[Data items]
--------------------------------------------------
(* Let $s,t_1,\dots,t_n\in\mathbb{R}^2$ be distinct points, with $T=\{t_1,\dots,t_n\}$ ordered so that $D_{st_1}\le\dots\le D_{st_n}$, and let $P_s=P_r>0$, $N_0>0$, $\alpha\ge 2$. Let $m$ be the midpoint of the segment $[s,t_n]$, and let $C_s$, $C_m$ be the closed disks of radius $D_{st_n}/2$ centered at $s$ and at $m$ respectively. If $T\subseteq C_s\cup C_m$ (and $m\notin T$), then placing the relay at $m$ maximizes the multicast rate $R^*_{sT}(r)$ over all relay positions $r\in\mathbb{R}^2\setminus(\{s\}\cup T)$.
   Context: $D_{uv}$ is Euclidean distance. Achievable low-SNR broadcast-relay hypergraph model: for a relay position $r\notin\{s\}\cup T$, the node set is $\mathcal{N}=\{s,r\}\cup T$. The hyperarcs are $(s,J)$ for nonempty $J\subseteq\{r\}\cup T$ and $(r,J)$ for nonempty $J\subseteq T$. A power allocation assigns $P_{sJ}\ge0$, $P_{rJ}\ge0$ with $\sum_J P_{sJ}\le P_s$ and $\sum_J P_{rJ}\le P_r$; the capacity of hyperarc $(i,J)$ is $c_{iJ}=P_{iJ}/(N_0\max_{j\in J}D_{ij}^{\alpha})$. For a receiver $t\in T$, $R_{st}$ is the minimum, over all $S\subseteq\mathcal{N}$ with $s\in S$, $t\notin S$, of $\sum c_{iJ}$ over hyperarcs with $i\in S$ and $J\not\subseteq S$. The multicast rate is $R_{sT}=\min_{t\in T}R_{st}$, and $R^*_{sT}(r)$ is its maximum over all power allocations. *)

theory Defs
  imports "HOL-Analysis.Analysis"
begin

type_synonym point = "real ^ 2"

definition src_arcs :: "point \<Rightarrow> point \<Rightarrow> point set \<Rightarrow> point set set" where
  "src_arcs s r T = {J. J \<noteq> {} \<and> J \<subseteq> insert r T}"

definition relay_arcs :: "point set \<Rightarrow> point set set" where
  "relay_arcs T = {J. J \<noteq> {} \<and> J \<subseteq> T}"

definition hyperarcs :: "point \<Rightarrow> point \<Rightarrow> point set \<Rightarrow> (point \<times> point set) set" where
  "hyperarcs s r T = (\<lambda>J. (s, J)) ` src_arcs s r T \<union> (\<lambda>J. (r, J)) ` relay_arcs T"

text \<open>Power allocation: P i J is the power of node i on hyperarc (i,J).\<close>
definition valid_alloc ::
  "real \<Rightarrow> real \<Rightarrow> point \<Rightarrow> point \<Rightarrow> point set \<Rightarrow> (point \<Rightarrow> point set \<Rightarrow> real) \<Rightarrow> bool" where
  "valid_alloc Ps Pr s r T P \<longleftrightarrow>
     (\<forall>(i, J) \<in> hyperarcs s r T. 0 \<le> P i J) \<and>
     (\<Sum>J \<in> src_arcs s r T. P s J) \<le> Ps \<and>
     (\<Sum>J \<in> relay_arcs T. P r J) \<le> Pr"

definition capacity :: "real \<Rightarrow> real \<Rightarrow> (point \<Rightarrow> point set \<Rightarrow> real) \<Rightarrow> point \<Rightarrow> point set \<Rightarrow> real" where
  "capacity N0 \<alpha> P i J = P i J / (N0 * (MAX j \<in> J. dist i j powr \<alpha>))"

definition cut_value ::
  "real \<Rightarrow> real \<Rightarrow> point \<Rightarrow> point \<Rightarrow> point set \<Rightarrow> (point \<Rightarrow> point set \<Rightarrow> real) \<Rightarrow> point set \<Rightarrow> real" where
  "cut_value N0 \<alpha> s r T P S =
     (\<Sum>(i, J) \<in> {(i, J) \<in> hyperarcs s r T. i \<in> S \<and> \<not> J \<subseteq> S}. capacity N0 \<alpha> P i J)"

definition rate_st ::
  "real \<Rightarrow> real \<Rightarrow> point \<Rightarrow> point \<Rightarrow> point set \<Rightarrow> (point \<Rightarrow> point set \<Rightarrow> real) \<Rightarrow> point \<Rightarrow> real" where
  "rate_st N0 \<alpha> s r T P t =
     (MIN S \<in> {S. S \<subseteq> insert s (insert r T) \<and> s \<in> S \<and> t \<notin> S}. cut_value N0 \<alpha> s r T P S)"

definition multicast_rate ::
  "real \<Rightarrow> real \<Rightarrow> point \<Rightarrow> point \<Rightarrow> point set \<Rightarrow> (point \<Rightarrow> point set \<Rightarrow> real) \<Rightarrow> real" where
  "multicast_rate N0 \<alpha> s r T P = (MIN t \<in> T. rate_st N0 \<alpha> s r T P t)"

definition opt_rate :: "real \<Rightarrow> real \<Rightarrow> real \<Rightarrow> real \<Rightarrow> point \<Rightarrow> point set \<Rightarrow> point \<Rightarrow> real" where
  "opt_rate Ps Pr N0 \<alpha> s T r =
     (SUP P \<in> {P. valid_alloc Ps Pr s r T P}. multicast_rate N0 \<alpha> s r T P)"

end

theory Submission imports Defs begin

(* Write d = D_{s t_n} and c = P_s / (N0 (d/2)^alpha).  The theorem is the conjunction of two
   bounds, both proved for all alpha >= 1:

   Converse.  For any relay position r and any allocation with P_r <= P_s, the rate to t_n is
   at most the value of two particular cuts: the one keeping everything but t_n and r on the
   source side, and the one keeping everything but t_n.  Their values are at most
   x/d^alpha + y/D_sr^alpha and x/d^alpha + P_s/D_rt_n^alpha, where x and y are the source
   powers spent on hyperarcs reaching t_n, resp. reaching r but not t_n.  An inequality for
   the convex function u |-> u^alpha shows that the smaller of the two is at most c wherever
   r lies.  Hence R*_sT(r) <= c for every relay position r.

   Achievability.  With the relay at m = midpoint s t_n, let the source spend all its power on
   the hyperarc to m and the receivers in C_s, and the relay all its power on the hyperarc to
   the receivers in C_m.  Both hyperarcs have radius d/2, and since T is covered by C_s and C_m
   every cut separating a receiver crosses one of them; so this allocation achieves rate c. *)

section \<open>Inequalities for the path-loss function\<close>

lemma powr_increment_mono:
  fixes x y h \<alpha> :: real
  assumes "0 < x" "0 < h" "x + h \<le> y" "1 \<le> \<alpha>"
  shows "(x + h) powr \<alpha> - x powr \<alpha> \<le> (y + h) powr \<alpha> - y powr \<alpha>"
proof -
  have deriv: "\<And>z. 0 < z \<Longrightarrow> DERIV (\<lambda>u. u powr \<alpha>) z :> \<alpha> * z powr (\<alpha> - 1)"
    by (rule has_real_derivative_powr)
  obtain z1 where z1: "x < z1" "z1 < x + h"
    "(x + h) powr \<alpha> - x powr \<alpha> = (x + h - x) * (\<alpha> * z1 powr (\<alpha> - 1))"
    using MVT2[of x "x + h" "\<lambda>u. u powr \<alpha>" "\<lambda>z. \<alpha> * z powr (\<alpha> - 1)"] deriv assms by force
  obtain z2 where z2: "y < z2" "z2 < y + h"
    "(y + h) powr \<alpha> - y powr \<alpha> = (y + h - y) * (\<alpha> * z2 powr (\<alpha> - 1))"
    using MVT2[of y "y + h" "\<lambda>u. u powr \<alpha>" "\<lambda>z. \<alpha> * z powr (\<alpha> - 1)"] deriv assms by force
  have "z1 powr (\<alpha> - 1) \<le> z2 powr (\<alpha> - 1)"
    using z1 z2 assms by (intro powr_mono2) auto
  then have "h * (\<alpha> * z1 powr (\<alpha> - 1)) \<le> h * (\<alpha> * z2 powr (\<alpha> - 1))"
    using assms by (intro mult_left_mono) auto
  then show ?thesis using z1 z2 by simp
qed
--------------------------------------------------
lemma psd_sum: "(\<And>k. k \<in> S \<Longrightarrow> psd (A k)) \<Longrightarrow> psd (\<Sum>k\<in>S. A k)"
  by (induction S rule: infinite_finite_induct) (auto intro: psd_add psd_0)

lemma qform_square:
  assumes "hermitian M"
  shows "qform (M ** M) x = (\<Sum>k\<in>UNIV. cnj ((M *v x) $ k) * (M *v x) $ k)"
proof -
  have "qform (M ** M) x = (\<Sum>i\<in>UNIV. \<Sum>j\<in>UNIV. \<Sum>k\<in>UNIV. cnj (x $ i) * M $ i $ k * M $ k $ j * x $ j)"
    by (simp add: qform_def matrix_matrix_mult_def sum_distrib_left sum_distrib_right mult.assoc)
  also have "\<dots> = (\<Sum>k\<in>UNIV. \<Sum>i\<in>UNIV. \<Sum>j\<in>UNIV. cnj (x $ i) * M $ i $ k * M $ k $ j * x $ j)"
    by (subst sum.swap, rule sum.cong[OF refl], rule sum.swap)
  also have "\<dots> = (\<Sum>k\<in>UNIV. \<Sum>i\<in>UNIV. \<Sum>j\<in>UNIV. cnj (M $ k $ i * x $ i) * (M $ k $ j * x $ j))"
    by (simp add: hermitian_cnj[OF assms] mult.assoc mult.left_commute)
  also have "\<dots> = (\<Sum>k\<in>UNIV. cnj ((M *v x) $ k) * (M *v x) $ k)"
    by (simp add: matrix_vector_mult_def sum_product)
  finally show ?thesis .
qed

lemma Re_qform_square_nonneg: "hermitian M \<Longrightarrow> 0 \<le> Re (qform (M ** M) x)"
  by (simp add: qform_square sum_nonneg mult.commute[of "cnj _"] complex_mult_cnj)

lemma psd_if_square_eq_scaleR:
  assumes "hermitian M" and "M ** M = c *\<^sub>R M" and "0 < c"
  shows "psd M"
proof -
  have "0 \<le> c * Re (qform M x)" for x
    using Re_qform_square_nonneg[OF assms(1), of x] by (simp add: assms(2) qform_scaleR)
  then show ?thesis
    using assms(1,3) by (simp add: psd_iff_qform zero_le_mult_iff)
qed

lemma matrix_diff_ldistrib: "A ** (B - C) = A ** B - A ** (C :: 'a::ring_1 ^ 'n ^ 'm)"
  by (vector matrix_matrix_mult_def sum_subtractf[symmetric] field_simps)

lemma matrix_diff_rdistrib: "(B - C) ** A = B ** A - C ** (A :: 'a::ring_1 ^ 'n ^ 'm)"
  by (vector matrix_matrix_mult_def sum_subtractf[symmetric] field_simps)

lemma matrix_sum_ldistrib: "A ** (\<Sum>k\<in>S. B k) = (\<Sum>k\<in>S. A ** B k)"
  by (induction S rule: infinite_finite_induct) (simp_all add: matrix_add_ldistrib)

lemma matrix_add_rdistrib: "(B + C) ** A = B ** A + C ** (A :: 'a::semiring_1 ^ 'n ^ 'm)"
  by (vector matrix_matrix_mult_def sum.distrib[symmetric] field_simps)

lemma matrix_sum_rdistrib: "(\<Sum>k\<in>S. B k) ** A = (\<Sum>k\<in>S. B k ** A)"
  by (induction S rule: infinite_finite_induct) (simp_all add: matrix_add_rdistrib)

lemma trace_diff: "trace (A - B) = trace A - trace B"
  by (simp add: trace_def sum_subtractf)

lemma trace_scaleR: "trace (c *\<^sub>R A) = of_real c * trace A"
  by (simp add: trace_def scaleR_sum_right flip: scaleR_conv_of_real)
--------------------------------------------------
Look over the entries for "everything", then copy every line that includes that string.

   at most the value of two particular cuts: the one keeping everything but t_n and r on the
   source side, and the one keeping everything but t_n.  Their values are at most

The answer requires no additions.